_Records provided_.
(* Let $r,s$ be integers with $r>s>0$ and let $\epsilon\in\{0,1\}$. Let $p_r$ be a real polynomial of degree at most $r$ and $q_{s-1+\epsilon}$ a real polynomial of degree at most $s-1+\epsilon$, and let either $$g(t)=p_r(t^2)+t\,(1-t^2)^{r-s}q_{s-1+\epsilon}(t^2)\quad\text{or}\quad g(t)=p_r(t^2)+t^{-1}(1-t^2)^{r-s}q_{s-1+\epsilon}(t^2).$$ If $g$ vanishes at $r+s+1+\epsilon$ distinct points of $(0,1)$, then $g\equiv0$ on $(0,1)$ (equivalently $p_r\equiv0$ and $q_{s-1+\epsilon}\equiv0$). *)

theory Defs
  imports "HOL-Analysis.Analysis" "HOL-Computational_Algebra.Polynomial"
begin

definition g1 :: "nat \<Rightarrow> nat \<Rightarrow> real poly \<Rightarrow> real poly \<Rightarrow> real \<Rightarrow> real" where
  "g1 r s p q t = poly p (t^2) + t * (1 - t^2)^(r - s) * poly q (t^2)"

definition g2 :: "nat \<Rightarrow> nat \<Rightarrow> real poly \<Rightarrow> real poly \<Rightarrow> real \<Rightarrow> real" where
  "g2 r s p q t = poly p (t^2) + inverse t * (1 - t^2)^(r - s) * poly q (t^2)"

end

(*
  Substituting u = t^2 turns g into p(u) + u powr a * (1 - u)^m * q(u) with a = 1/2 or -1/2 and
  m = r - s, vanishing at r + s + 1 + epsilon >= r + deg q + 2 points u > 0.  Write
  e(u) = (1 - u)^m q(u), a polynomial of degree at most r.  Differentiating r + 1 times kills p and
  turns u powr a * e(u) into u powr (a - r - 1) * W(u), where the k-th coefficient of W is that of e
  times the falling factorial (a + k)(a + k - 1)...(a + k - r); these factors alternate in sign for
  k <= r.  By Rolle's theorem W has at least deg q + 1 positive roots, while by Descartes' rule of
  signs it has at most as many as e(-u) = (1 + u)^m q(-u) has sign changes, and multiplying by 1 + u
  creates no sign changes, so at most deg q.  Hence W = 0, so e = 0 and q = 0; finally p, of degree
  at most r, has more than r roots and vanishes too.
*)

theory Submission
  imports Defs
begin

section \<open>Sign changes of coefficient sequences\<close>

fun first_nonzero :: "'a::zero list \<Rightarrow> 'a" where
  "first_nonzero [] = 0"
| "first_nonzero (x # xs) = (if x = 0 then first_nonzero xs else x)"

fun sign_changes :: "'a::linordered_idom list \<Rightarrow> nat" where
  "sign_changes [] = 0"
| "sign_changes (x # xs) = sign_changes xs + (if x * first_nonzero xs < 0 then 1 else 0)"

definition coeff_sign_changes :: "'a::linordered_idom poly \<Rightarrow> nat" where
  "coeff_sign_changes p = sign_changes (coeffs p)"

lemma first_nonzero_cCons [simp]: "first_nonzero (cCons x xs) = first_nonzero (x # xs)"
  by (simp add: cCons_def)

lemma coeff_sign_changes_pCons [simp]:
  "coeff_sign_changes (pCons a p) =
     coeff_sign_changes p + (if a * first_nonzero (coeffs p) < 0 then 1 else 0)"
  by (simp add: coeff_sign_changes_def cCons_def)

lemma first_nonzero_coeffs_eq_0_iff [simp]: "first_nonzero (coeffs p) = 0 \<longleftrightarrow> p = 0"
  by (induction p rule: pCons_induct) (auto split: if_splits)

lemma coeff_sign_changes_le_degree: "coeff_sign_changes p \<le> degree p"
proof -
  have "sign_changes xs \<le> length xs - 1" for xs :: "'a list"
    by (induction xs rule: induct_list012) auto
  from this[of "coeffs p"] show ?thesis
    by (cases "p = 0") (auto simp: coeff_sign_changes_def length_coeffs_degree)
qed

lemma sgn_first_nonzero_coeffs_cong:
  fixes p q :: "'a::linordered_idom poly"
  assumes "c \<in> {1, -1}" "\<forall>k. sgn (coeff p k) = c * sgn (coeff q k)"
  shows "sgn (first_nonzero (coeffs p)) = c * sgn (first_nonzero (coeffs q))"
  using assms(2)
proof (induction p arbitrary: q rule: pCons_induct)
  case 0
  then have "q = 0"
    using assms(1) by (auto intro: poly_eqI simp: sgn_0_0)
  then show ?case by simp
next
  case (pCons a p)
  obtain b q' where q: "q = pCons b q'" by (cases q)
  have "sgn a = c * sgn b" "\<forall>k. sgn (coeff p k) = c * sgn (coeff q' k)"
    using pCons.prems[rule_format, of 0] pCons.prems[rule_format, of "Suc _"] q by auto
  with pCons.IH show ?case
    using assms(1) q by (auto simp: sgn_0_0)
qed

_Task to complete_.
Repeat the data above in full, word for word.

_Task result_.
(* Let $r,s$ be integers with $r>s>0$ and let $\epsilon\in\{0,1\}$. Let $p_r$ be a real polynomial of degree at most $r$ and $q_{s-1+\epsilon}$ a real polynomial of degree at most $s-1+\epsilon$, and let either $$g(t)=p_r(t^2)+t\,(1-t^2)^{r-s}q_{s-1+\epsilon}(t^2)\quad\text{or}\quad g(t)=p_r(t^2)+t^{-1}(1-t^2)^{r-s}q_{s-1+\epsilon}(t^2).$$ If $g$ vanishes at $r+s+1+\epsilon$ distinct points of $(0,1)$, then $g\equiv0$ on $(0,1)$ (equivalently $p_r\equiv0$ and $q_{s-1+\epsilon}\equiv0$). *)

theory Defs
  imports "HOL-Analysis.Analysis" "HOL-Computational_Algebra.Polynomial"
begin

definition g1 :: "nat \<Rightarrow> nat \<Rightarrow> real poly \<Rightarrow> real poly \<Rightarrow> real \<Rightarrow> real" where
  "g1 r s p q t = poly p (t^2) + t * (1 - t^2)^(r - s) * poly q (t^2)"

definition g2 :: "nat \<Rightarrow> nat \<Rightarrow> real poly \<Rightarrow> real poly \<Rightarrow> real \<Rightarrow> real" where
  "g2 r s p q t = poly p (t^2) + inverse t * (1 - t^2)^(r - s) * poly q (t^2)"

end

(*
  Substituting u = t^2 turns g into p(u) + u powr a * (1 - u)^m * q(u) with a = 1/2 or -1/2 and
  m = r - s, vanishing at r + s + 1 + epsilon >= r + deg q + 2 points u > 0.  Write
  e(u) = (1 - u)^m q(u), a polynomial of degree at most r.  Differentiating r + 1 times kills p and
  turns u powr a * e(u) into u powr (a - r - 1) * W(u), where the k-th coefficient of W is that of e
  times the falling factorial (a + k)(a + k - 1)...(a + k - r); these factors alternate in sign for
  k <= r.  By Rolle's theorem W has at least deg q + 1 positive roots, while by Descartes' rule of
  signs it has at most as many as e(-u) = (1 + u)^m q(-u) has sign changes, and multiplying by 1 + u
  creates no sign changes, so at most deg q.  Hence W = 0, so e = 0 and q = 0; finally p, of degree
  at most r, has more than r roots and vanishes too.
*)

theory Submission
  imports Defs
begin

section \<open>Sign changes of coefficient sequences\<close>

fun first_nonzero :: "'a::zero list \<Rightarrow> 'a" where
  "first_nonzero [] = 0"
| "first_nonzero (x # xs) = (if x = 0 then first_nonzero xs else x)"

fun sign_changes :: "'a::linordered_idom list \<Rightarrow> nat" where
  "sign_changes [] = 0"
| "sign_changes (x # xs) = sign_changes xs + (if x * first_nonzero xs < 0 then 1 else 0)"

definition coeff_sign_changes :: "'a::linordered_idom poly \<Rightarrow> nat" where
  "coeff_sign_changes p = sign_changes (coeffs p)"

lemma first_nonzero_cCons [simp]: "first_nonzero (cCons x xs) = first_nonzero (x # xs)"
  by (simp add: cCons_def)

lemma coeff_sign_changes_pCons [simp]:
  "coeff_sign_changes (pCons a p) =
     coeff_sign_changes p + (if a * first_nonzero (coeffs p) < 0 then 1 else 0)"
  by (simp add: coeff_sign_changes_def cCons_def)

lemma first_nonzero_coeffs_eq_0_iff [simp]: "first_nonzero (coeffs p) = 0 \<longleftrightarrow> p = 0"
  by (induction p rule: pCons_induct) (auto split: if_splits)

lemma coeff_sign_changes_le_degree: "coeff_sign_changes p \<le> degree p"
proof -
  have "sign_changes xs \<le> length xs - 1" for xs :: "'a list"
    by (induction xs rule: induct_list012) auto
  from this[of "coeffs p"] show ?thesis
    by (cases "p = 0") (auto simp: coeff_sign_changes_def length_coeffs_degree)
qed

lemma sgn_first_nonzero_coeffs_cong:
  fixes p q :: "'a::linordered_idom poly"
  assumes "c \<in> {1, -1}" "\<forall>k. sgn (coeff p k) = c * sgn (coeff q k)"
  shows "sgn (first_nonzero (coeffs p)) = c * sgn (first_nonzero (coeffs q))"
  using assms(2)
proof (induction p arbitrary: q rule: pCons_induct)
  case 0
  then have "q = 0"
    using assms(1) by (auto intro: poly_eqI simp: sgn_0_0)
  then show ?case by simp
next
  case (pCons a p)
  obtain b q' where q: "q = pCons b q'" by (cases q)
  have "sgn a = c * sgn b" "\<forall>k. sgn (coeff p k) = c * sgn (coeff q' k)"
    using pCons.prems[rule_format, of 0] pCons.prems[rule_format, of "Suc _"] q by auto
  with pCons.IH show ?case
    using assms(1) q by (auto simp: sgn_0_0)
qed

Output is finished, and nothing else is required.